(Collected data)
☆ ☆ ☆ ☆

(* If $f\in{\rm elh}(\mathbb{C})$ is a polynomial, then the map $L_f:{\rm elh}(\mathbb{C})\to{\rm elh}(\mathbb{C})$, $L_f(g)=f\circ g$, is injective.
   Context: ${\rm elh}(\mathbb{C})$ denotes the set of entire functions with nowhere vanishing derivative and derivative $1$ at $0$. *)

theory Defs
  imports "HOL-Complex_Analysis.Complex_Analysis" "HOL-Computational_Algebra.Polynomial"
begin

definition elh :: "(complex \<Rightarrow> complex) set" where
  "elh = {f. f holomorphic_on UNIV \<and> (\<forall>z. deriv f z \<noteq> 0) \<and> deriv f 0 = 1}"

end

theory Submission
  imports Defs "HOL-Computational_Algebra.Fundamental_Theorem_Algebra"
begin

text \<open>By the fundamental theorem of algebra, the derivative of a polynomial in elh, having no
  zeros, is constant, hence equal to its value 1 at 0; so the polynomial is a translation
  \<open>z \<mapsto> z + c\<close>. Composing with a translation preserves elh and is clearly injective.\<close>

lemma root_free_poly_constant:
  fixes p :: "complex poly"
  assumes "\<And>z. poly p z \<noteq> 0"
  shows "poly p = (\<lambda>_. poly p 0)"
proof -
  have "constant (poly p)"
    using fundamental_theorem_of_algebra assms by blast
  then show ?thesis
    unfolding constant_def by blast
qed

lemma constant_derivative_imp_affine:
  fixes f :: "'a :: real_normed_field \<Rightarrow> 'a"
  assumes "\<And>z. (f has_field_derivative a) (at z)"
  shows "f = (\<lambda>z. a * z + f 0)"
proof -
  have "((\<lambda>z. f z - a * z) has_field_derivative 0) (at z within UNIV)" for z
    using assms[of z] by (auto intro!: derivative_eq_intros)
  then obtain k where "\<forall>z\<in>UNIV. f z - a * z = k"
    using has_field_derivative_zero_constant[OF convex_UNIV] by blast
  then show ?thesis
    by (metis UNIV_I diff_eq_eq mult_zero_right diff_zero add.commute)
qed

lemma elh_poly_eq_translation:
  assumes "f \<in> elh" and "f = poly p"
  shows "f = (\<lambda>z. z + f 0)"
proof -
  have deriv_f: "deriv f z = poly (pderiv p) z" for z
    using assms(2) DERIV_imp_deriv[OF poly_DERIV] by simp
  have "poly (pderiv p) = (\<lambda>_. 1)"
    using root_free_poly_constant[of "pderiv p"] assms(1)
    by (auto simp: elh_def deriv_f)
  then have "(f has_field_derivative 1) (at z)" for z
    using poly_DERIV[of p z] assms(2) by simp
  then show ?thesis
    using constant_derivative_imp_affine[of f 1] by simp
qed

lemma elh_add_const:
  assumes "g \<in> elh"
  shows "(\<lambda>z. g z + c) \<in> elh"
proof -
  have holo: "g holomorphic_on UNIV"
    using assms by (simp add: elh_def)
  then have "deriv (\<lambda>z. g z + c) z = deriv g z" for z
    by (simp add: holomorphic_on_imp_differentiable_at)
  moreover have "(\<lambda>z. g z + c) holomorphic_on UNIV"
    using holo by (intro holomorphic_intros)
  ultimately show ?thesis
    using assms by (simp add: elh_def)
qed

theorem proposition3p21:
  fixes f :: "complex \<Rightarrow> complex"
  assumes "f \<in> elh"
    and "\<exists>p :: complex poly. f = poly p"
  shows "(\<lambda>g. f \<circ> g) ` elh \<subseteq> elh \<and> inj_on (\<lambda>g. f \<circ> g) elh"
proof -
  have comp: "f \<circ> g = (\<lambda>z. g z + f 0)" for g
    using assms elh_poly_eq_translation by (metis comp_apply)
  have "(\<lambda>g. f \<circ> g) ` elh \<subseteq> elh"
    using elh_add_const by (auto simp: comp)
  moreover have "inj_on (\<lambda>g. f \<circ> g) elh"
    by (rule inj_onI) (simp add: comp fun_eq_iff)
  ultimately show ?thesis ..
qed

end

☆ ☆ ☆ ☆

Each line in the entries above, starting at the line with "using poly_DERIV[of p z] assms(2) by simp" and ending at the line with "c) z = deriv", is to be printed exactly, and only those lines.

    using poly_DERIV[of p z] assms(2) by simp
  then show ?thesis
    using constant_derivative_imp_affine[of f 1] by simp
qed

lemma elh_add_const:
  assumes "g \<in> elh"
  shows "(\<lambda>z. g z + c) \<in> elh"
proof -
  have holo: "g holomorphic_on UNIV"
    using assms by (simp add: elh_def)
  then have "deriv (\<lambda>z. g z + c) z = deriv g z" for z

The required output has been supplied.